MY INGER CHRISTENSEN
INGER CHRISTENSEN IS DEAD. A great writer has died. I know that great is a word we often use to decorate a venerable cultural figure and then put him or her on a high shelf with the other moldering greats, but this is not my intention. Great books are the ones that are urgent, life changing, the ones that crack open the reader’s skull and heart. I was in my early twenties when I first read Det, and I felt I had been sent a revelation. This work was like no other I had ever read—its rhythms and repetitions were of my own body, my heartbeat, my breath, the motion of my legs and the swing of my arms as I walk. As I read it, I moved with its music. But inseparable from that corporeal music, embedded in the cadences themselves, was a mind as rigorous, as tough, as steely as any philosopher’s. Christensen did not compromise. Paradox upon paradox accumulated in a game of embodied thought. Logic, systems, numbers came alive and danced for me, but they did so hand in hand with ordinary things, which her voice enchanted and made strange. She made me see differently. She made me feel anew the power of incantation. I read more of her work then. I love especially her poems.

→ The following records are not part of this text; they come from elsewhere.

text \<open>Tail estimate for the endpoint: the exponential rates of numerator and partition
  function differ only by the factor (1 + contact_excess)^N.\<close>
lemma polymer_tail_bound:
  fixes L :: real
  assumes "real l \<le> L"
  shows "polymer_prob T N \<delta> (\<lambda>xs. \<bar>walk_pos xs N\<bar> > L) \<le>
           (1 + contact_excess T q s) ^ N * (\<rho> / q) * (2 * tail_constant p q \<sigma> l)"
proof -
  define A where "A = (2 * \<rho>) ^ N"
  have A_pos: "0 < A" using rho_pos by (simp add: A_def)
  have "polymer_prob T N \<delta> (\<lambda>xs. \<bar>walk_pos xs N\<bar> > L) =
          wexp T \<delta> N (\<lambda>y. if L < of_int \<bar>y\<bar> then 1 else 0) / wexp T \<delta> N (\<lambda>_. 1)"
    by (rule polymer_prob_eq_wexp)
  also have "\<dots> \<le> (A * (1 + contact_excess T q s) ^ N * (2 * tail_constant p q \<sigma> l)) /
                   (A * (q / \<rho>))"
    using tail_wexp_bound[OF assms, of N] partition_lower[of N] A_pos rho_pos q_pos
      tail_constant_nonneg contact_excess_nonneg
    by (intro frac_le wexp_nonneg) (auto simp: A_def power_mult_distrib)
  also have "\<dots> = (1 + contact_excess T q s) ^ N * (\<rho> / q) * (2 * tail_constant p q \<sigma> l)"
    using A_pos rho_pos q_pos by (simp add: field_simps)
  finally show ?thesis .
qed

lemma polymer_tail_bound_small_excess:
  fixes L :: real
  assumes "real l \<le> L" and "real N * contact_excess T q s \<le> 1"
  shows "polymer_prob T N \<delta> (\<lambda>xs. \<bar>walk_pos xs N\<bar> > L) \<le>
           2 * exp 1 * (\<rho> / q) * tail_constant p q \<sigma> l"
proof -
  have growth: "(1 + contact_excess T q s) ^ N \<le> exp 1"
    using one_plus_pow_le_exp[OF contact_excess_nonneg, of N] assms(2) by (simp add: order_trans)
  have "polymer_prob T N \<delta> (\<lambda>xs. \<bar>walk_pos xs N\<bar> > L) \<le>
          (1 + contact_excess T q s) ^ N * (\<rho> / q) * (2 * tail_constant p q \<sigma> l)"
    by (rule polymer_tail_bound[OF assms(1)])
  also have "\<dots> \<le> exp 1 * (\<rho> / q) * (2 * tail_constant p q \<sigma> l)"
    using growth rho_pos q_pos tail_constant_nonneg by (intro mult_right_mono) auto
  finally show ?thesis by (simp add: algebra_simps)
qed

end

lemma c_delta_pos:
  assumes "0 < \<delta>"
  shows "0 < c_delta \<delta>"
proof -
  have "exp (- \<delta>) < 1" using assms by simp
  then have "1 < sqrt (2 - exp (- \<delta>))" by simp
  then have "0 < ln (sqrt (2 - exp (- \<delta>)))" by (rule ln_gt_zero)
  then show ?thesis using assms by (simp add: c_delta_def)
qed

lemma c_delta_decay_equation:
  assumes "0 < \<delta>"
  shows "exp \<delta> * exp (- c_delta \<delta>) = (exp (- c_delta \<delta>) + 1 / exp (- c_delta \<delta>)) / 2"
proof -
  define X where "X = 2 - exp (- \<delta>)"
  have "exp (- \<delta>) < 1" using assms by simp
  then have X_pos: "0 < X" unfolding X_def by linarith
  have "exp (\<delta> / 2) ^ 2 = exp \<delta>" by (simp add: power2_eq_square flip: exp_add)
  then have "exp (c_delta \<delta>) ^ 2 = exp \<delta> * X"
    using X_pos by (simp add: c_delta_def X_def exp_add power_mult_distrib)
  also have "\<dots> = 2 * exp \<delta> - 1" by (simp add: X_def algebra_simps exp_minus field_simps)
  finally show ?thesis by (simp add: exp_minus field_simps power2_eq_square)
qed

lemma contact_excess_time_bound:
  fixes c s :: real
  assumes "0 < c" and "0 < s" and "2 \<le> T" and "1 \<le> N"
    and "ln ((s + 1/s) / (2 * exp (- c) ^ 2)) / c \<le> real T - ln (real N) / c"
  shows "real N * contact_excess T (exp (- c)) s \<le> 1"
proof -
  define D where "D = (s + 1/s) / (2 * exp (- c) ^ 2)"
  have D_pos: "0 < D" using assms(2) by (simp add: D_def add_pos_pos)
  have "ln D \<le> c * real T - ln (real N)"
    using assms(1,5) by (simp add: D_def field_simps)
  then have "exp (ln D + ln (real N)) \<le> exp (c * real T)" by simp
  then have "D * real N \<le> exp (c * real T)" using D_pos assms(4) by (simp add: exp_add)
  have "contact_excess T (exp (- c)) s = D * exp (- c) ^ T"
    using assms(3) by (simp add: contact_excess_def D_def power_diff field_simps)
  then have "real N * contact_excess T (exp (- c)) s = (D * real N) * exp (- c * real T)"
    by (simp add: exp_of_nat_mult[symmetric] mult.commute)
  also have "\<dots> \<le> exp (c * real T) * exp (- c * real T)"
    using \<open>D * real N \<le> exp (c * real T)\<close> by (intro mult_right_mono) auto
  also have "\<dots> = 1" by (simp flip: exp_add)
  finally show ?thesis .
qed


lemma tail_constant_small:
  assumes "0 < p" and "p < 1" and "q < 1" and "0 < C" and "0 < \<epsilon>"
  shows "\<exists>\<sigma> l. 0 < \<sigma> \<and> \<sigma> < 1 \<and> C * tail_constant p q \<sigma> l \<le> \<epsilon>"
proof -
  define \<sigma> where "\<sigma> = min (1/2) (\<epsilon> * (1 - q) / (8 * C))"
  have \<sigma>_pos: "0 < \<sigma>" and \<sigma>_half: "\<sigma> \<le> 1/2"
    using assms by (simp_all add: \<sigma>_def)
  have "(\<lambda>n. p ^ n) \<longlonglongrightarrow> 0" using assms(1,2) by (intro LIMSEQ_power_zero) simp
  moreover have "0 < \<epsilon> * (1 - p) / (2 * C)" using assms by simp
  ultimately obtain l where l: "p ^ l < \<epsilon> * (1 - p) / (2 * C)"
    using order_tendstoD(2) eventually_sequentially by (metis order.refl)
  have "C * (p ^ l / (1 - p)) \<le> \<epsilon> / 2"
    using l assms by (simp add: field_simps)
  moreover have "C * (\<sigma> / (1 - \<sigma>) * (2 / (1 - q))) \<le> \<epsilon> / 2"
  proof -
    have "\<sigma> / (1 - \<sigma>) \<le> 2 * \<sigma>" using \<sigma>_pos \<sigma>_half by (simp add: field_simps)
    then have "C * (\<sigma> / (1 - \<sigma>) * (2 / (1 - q))) \<le> C * (2 * \<sigma> * (2 / (1 - q)))"
      using assms by (intro mult_left_mono mult_right_mono) auto
    also have "\<dots> \<le> C * (2 * (\<epsilon> * (1 - q) / (8 * C)) * (2 / (1 - q)))"
      using assms by (intro mult_left_mono mult_right_mono) (auto simp: \<sigma>_def)
    also have "\<dots> = \<epsilon> / 2" using assms by (simp add: field_simps)
    finally show ?thesis .
  qed
  moreover have "C * tail_constant p q \<sigma> l =
                   C * (p ^ l / (1 - p)) + C * (\<sigma> / (1 - \<sigma>) * (2 / (1 - q)))"
    by (simp only: tail_constant_def distrib_left)
  ultimately have "C * tail_constant p q \<sigma> l \<le> \<epsilon>" by linarith
  then show ?thesis using \<sigma>_pos \<sigma>_half by auto
qed

lemma polymer_tail_trivial:
  fixes L :: real
  assumes "real N < L"
  shows "polymer_prob T N \<delta> (\<lambda>xs. \<bar>walk_pos xs N\<bar> > L) = 0"
proof -
  have no_path: "{xs \<in> srw_paths N. \<bar>walk_pos xs N\<bar> > L} = {}"
    using walk_pos_bound[of _ N] assms by fastforce
  show ?thesis unfolding polymer_prob_def no_path by simp
qed

lemma polymer_prob_nonneg: "0 \<le> polymer_prob T N \<delta> A"
  unfolding polymer_prob_def polymer_Z_def
  by (intro divide_nonneg_nonneg sum_nonneg) (auto intro: less_imp_le polymer_weight_pos)

lemma tendsto_sup_zero:
  fixes g :: "nat \<Rightarrow> real \<Rightarrow> real"
  assumes nonneg: "\<And>N L. 0 \<le> g N L"
    and uniform: "\<And>\<epsilon>. 0 < \<epsilon> \<Longrightarrow> \<exists>L0. \<forall>L\<ge>L0. \<forall>N. g N L \<le> \<epsilon>"
  shows "((\<lambda>L. SUP N. g N L) \<longlongrightarrow> 0) at_top"
proof (rule tendstoI)
  fix \<epsilon> :: real assume "0 < \<epsilon>"
  then obtain L0 where L0: "\<And>L N. L0 \<le> L \<Longrightarrow> g N L \<le> \<epsilon> / 2"
    using uniform[of "\<epsilon> / 2"] by auto
  have "dist (SUP N. g N L) 0 < \<epsilon>" if "L0 \<le> L" for L
  proof -
    have "(SUP N. g N L) \<le> \<epsilon> / 2" using L0[OF that] by (intro cSUP_least) auto
    moreover have "bdd_above (range (\<lambda>N. g N L))"
      using L0[OF that] by (intro bdd_aboveI[where M = "\<epsilon> / 2"]) auto
    then have "0 \<le> (SUP N. g N L)"
      using nonneg by (intro cSUP_upper2[where x = 0]) auto
    ultimately show ?thesis using \<open>0 < \<epsilon>\<close> by (simp add: dist_real_def)
  qed
  then show "\<forall>\<^sub>F L in at_top. dist (SUP N. g N L) 0 < \<epsilon>"
    unfolding eventually_at_top_linorder by blast
qed

text \<open>The main estimate: P(|S_N| > L) <= epsilon for all N once L is large.  For large N all
  hypotheses of tail_regime hold with T = T_N; small N are handled by polymer_tail_trivial.\<close>
lemma polymer_tail_uniform:
  fixes \<delta> \<epsilon> :: real and T :: "nat \<Rightarrow> nat"
  assumes "0 < \<delta>" and "filterlim T at_top sequentially"
    and "filterlim (\<lambda>N. real (T N) - ln (real N) / c_delta \<delta>) at_top sequentially"
    and "0 < \<epsilon>"
  shows "\<exists>L0. \<forall>L::real. L0 \<le> L \<longrightarrow>
           (\<forall>N. polymer_prob (T N) N \<delta> (\<lambda>xs. \<bar>walk_pos xs N\<bar> > L) \<le> \<epsilon>)"
proof -
  define c where "c = c_delta \<delta>"
  define p where "p = exp (- c / 2)"
  define q where "q = exp (- c)"
  define \<rho> where "\<rho> = (q + 1/q) / 2"
  have c_pos: "0 < c" using c_delta_pos[OF assms(1)] by (simp add: c_def)
  have p: "0 < p" "p < 1" using c_pos by (simp_all add: p_def)
  have q_eq: "q = p ^ 2" by (simp add: p_def q_def power2_eq_square flip: exp_add)
  have q: "0 < q" "q < 1" using c_pos by (simp_all add: q_def)
  have exp_delta: "exp \<delta> * q = \<rho>"
    using c_delta_decay_equation[OF assms(1)] by (simp add: q_def \<rho>_def c_def)
  define C where "C = 2 * exp 1 * (\<rho> / q)"
  have C_pos: "0 < C" using q by (simp add: C_def \<rho>_def add_pos_pos)
  obtain \<sigma> l where \<sigma>: "0 < \<sigma>" "\<sigma> < 1" and small: "C * tail_constant p q \<sigma> l \<le> \<epsilon>"
    using tail_constant_small[OF p q(2) C_pos assms(4)] by blast
  define s where "s = \<sigma> ^ 2"
  define R where "R = ln ((s + 1/s) / (2 * exp (- c) ^ 2)) / c"
  have "\<forall>\<^sub>F N in sequentially. 2 \<le> T N"
    using assms(2) by (simp add: filterlim_at_top)
  moreover have "\<forall>\<^sub>F N in sequentially. R \<le> real (T N) - ln (real N) / c"
    using assms(3) by (simp add: filterlim_at_top c_def)
  ultimately have "\<forall>\<^sub>F N in sequentially. 2 \<le> T N \<and> R \<le> real (T N) - ln (real N) / c"
    by (rule eventually_conj)
  then obtain N0 where N0: "\<And>N. N0 \<le> N \<Longrightarrow> 2 \<le> T N \<and> R \<le> real (T N) - ln (real N) / c"
    unfolding eventually_sequentially by blast
  show ?thesis
  proof (intro exI[of _ "max (real (max N0 1)) (real l)"] allI impI)
    fix L N assume L: "max (real (max N0 1)) (real l) \<le> L"
    show "polymer_prob (T N) N \<delta> (\<lambda>xs. \<bar>walk_pos xs N\<bar> > L) \<le> \<epsilon>"
    proof (cases "N < max N0 1")
      case True
      then show ?thesis using L assms(4) polymer_tail_trivial[of N L] by simp
    next
      case False
      then have "2 \<le> T N" and time: "R \<le> real (T N) - ln (real N) / c" and "1 \<le> N"
        using N0 by auto
      interpret tail_regime "T N" q \<rho> \<delta> s p \<sigma>
        using \<open>2 \<le> T N\<close> p q q_eq \<sigma> exp_delta
        by unfold_locales (simp_all add: \<rho>_def s_def power_le_one)
      have "real N * contact_excess (T N) q s \<le> 1"
        using contact_excess_time_bound[OF c_pos _ \<open>2 \<le> T N\<close> \<open>1 \<le> N\<close>] s_pos time
        by (simp add: R_def q_def)
      then have "polymer_prob (T N) N \<delta> (\<lambda>xs. \<bar>walk_pos xs N\<bar> > L) \<le> C * tail_constant p q \<sigma> l"
        using polymer_tail_bound_small_excess[of l L N] L by (simp add: C_def)
      then show ?thesis using small by linarith
    qed
  qed
qed

theorem theorem2:
  fixes \<delta> :: real and T :: "nat \<Rightarrow> nat"
  assumes "\<delta> > 0"
    and "\<And>N. even (T N)"
    and "\<And>N. T N \<le> N"
    and "filterlim T at_top sequentially"
    and "filterlim (\<lambda>N. real (T N) - ln (real N) / c_delta \<delta>) at_top sequentially"
  shows "((\<lambda>L::real. SUP N. polymer_prob (T N) N \<delta> (\<lambda>xs. \<bar>walk_pos xs N\<bar> > L))
           \<longlongrightarrow> 0) at_top"
  using polymer_prob_nonneg polymer_tail_uniform[OF assms(1,4,5)]
  by (rule tendsto_sup_zero)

I met her twice, first at a festival in New York City. I rushed up to her, shook her hand, and babbled some words in an effort to articulate my intense admiration. She was kind. The second occasion was in Copenhagen at a dinner where I sat beside my idol, who was charming, funny, and told me she wouldn’t return to New York because nobody let you smoke there. The merry, unpretentious woman at the table and the great poet were one, and yet there is always some split at such moments between the person in the room and the person on the page. I didn’t know the woman, but the poet altered my inner world. She whispers to me in my own writing, a brilliant, fierce literary mother whom I will read and reread again and again. The last words belong to Christensen: the music of life and death. They are the last three lines of Det.
En eller annen er død og bæres ud av sit hus ved mørkets frembrud.
En eller annen er død og betragtes af nogen der omsider er blinde.
En eller annen står stille og er omsider alene med den anden døde.
Someone or other is dead and is carried out of the house as night falls.
Someone or other is dead and is seen by someone who is blind at last.
Someone or other stands still and is alone at last with the other dead person.